The pain many people with endometriosis face can make sex uncomfortable. Many people with endometriosis experience pain during and after sexual intercourse due to inflammation of the vagina and fibrosis fusing the rectum's front wall and the vagina’s back wall together. Some positions may reduce the pain associated with sex in mild to moderate cases of endometriosis, especially those with shallow penetration. Painkillers and lubricants can also reduce pain during sex. Some people may also find they can have pain-free sex when they’re not menstruating.

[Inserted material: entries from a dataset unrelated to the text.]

lemma diametral_path:
  assumes "simple_graph V E" "connected_graph V E"
  obtains p where "shortest_path V E p (diameter V E)"
proof -
  have "finite V" "V \<noteq> {}"
    using assms simple_graph_finite unfolding connected_graph_def by blast+
  then have "diameter V E \<in> ecc V E ` V"
    using Max_in[of "ecc V E ` V"] unfolding diameter_def by simp
  then obtain u where u: "u \<in> V" "ecc V E u = diameter V E" by auto
  have "ecc V E u \<in> dist E u ` V"
    using Max_in[of "dist E u ` V"] \<open>finite V\<close> \<open>V \<noteq> {}\<close> unfolding ecc_def by simp
  then obtain v where v: "v \<in> V" "dist E u v = diameter V E" using u(2) by auto
  show ?thesis
    using walk_of_length_path[OF connected_graph_walk_dist[OF assms(2) u(1) v(1)]] u v that
    unfolding shortest_path_def by auto
qed

lemma sigma2_le_card_edges:
  assumes "simple_graph V E"
  shows "sigma2 V E \<le> card E * diameter V E ^ 2"
  unfolding sigma2_def power2_eq_square
proof (rule sum_bounded_above[where K = "diameter V E * diameter V E", simplified])
  fix e assume "e \<in> E"
  then obtain x y where "e = {x, y}" "x \<noteq> y"
    by (rule simple_graph_edge_doubleton[OF assms])
  moreover have "x \<in> V" "y \<in> V"
    using simple_graph_edge_subset[OF assms \<open>e \<in> E\<close>] calculation(1) by auto
  ultimately show "(\<Prod>x\<in>e. ecc V E x) \<le> diameter V E * diameter V E"
    using ecc_le_diameter[OF simple_graph_finite[OF assms]] by (simp add: mult_le_mono)
qed

lemma card_edges_within:
  assumes "simple_graph V E" "W \<subseteq> V"
  shows "card {e \<in> E. e \<subseteq> W} \<le> card W choose 2"
proof -
  have "finite W" using simple_graph_finite[OF assms(1)] assms(2) by (rule finite_subset[rotated])
  have "{e \<in> E. e \<subseteq> W} \<subseteq> {B. B \<subseteq> W \<and> card B = 2}"
    using assms(1) unfolding simple_graph_def by auto
  then have "card {e \<in> E. e \<subseteq> W} \<le> card {B. B \<subseteq> W \<and> card B = 2}"
    using \<open>finite W\<close> by (intro card_mono) simp_all
  then show ?thesis using n_subsets[OF \<open>finite W\<close>] by simp
qed

lemma card_edges_across:
  assumes "simple_graph V E" "W \<subseteq> V" "P \<subseteq> V" "W \<inter> P = {}"
  shows "card {e \<in> E. e \<inter> W \<noteq> {} \<and> e \<inter> P \<noteq> {}} \<le> (\<Sum>x\<in>W. card {y \<in> P. {x, y} \<in> E})"
proof -
  have fin: "finite W" "finite P"
    using simple_graph_finite[OF assms(1)] assms(2,3) by (auto intro: finite_subset)
  have "{e \<in> E. e \<inter> W \<noteq> {} \<and> e \<inter> P \<noteq> {}} \<subseteq> (\<Union>x\<in>W. (\<lambda>y. {x, y}) ` {y \<in> P. {x, y} \<in> E})"
  proof
    fix e assume "e \<in> {e \<in> E. e \<inter> W \<noteq> {} \<and> e \<inter> P \<noteq> {}}"
    then obtain x y where e: "e \<in> E" "x \<in> e" "y \<in> e" "x \<in> W" "y \<in> P" by blast
    obtain a b where "e = {a, b}" using simple_graph_edge_doubleton[OF assms(1) e(1)] .
    moreover have "x \<noteq> y" using assms(4) e(4,5) by blast
    ultimately have "e = {x, y}" using e(2,3) by auto
    with e show "e \<in> (\<Union>x\<in>W. (\<lambda>y. {x, y}) ` {y \<in> P. {x, y} \<in> E})"
      by blast
  qed
  then have "card {e \<in> E. e \<inter> W \<noteq> {} \<and> e \<inter> P \<noteq> {}}
      \<le> card (\<Union>x\<in>W. (\<lambda>y. {x, y}) ` {y \<in> P. {x, y} \<in> E})"
    using fin by (intro card_mono) auto
  also have "\<dots> \<le> (\<Sum>x\<in>W. card ((\<lambda>y. {x, y}) ` {y \<in> P. {x, y} \<in> E}))"
    using fin(1) by (rule card_UN_le)
  also have "\<dots> \<le> (\<Sum>x\<in>W. card {y \<in> P. {x, y} \<in> E})"
    by (intro sum_mono card_image_le) (simp add: fin(2))
  finally show ?thesis .
qed

lemma shortest_path_vertex_in:
  assumes "simple_graph V E" "shortest_path V E p k" "i \<le> k"
  shows "p i \<in> V"
  using assms(3)
proof (induction i)
  case 0
  then show ?case using assms(2) unfolding shortest_path_def by blast
next
  case (Suc i)
  then have "{p i, p (Suc i)} \<in> E" using assms(2) unfolding shortest_path_def by simp
  then show ?case using simple_graph_edge_subset[OF assms(1)] by blast
qed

Communication is key for those struggling with the symptoms of endometriosis and their partners. People with endometriosis should be honest about the pain they’re experiencing, rather than simply putting up with it. They may explore ways to reduce the pain associated with sex or focus on other forms of intimacy which don’t cause pain, like oral sex and mutual masturbation. While men should also be honest about their feelings, they should take care never to pressure their partner or make them feel inadequate. Support is crucial for surviving the challenge of endometriosis.

Fertility is another unfortunate side effect of endometriosis that can severely impact relationships. Between one-third and one-half of people with endometriosis struggle with infertility since the tissue growth can obstruct the fallopian tube and prevent the sperm from reaching the egg. The condition can also damage the sperm and egg. As people with endometriosis don’t always experience pain, some don’t realize they have the condition until they seek medical treatment for infertility. The diagnosis can be devastating for those who dream of becoming parents and their partners. However, medical intervention can help those with mild to moderate endometriosis fall pregnant and carry their babies to term.

Medical treatment can help ease the pain associated with endometriosis, including pain during sex. Surgery can remove the lesions and cysts which cause pain during sex.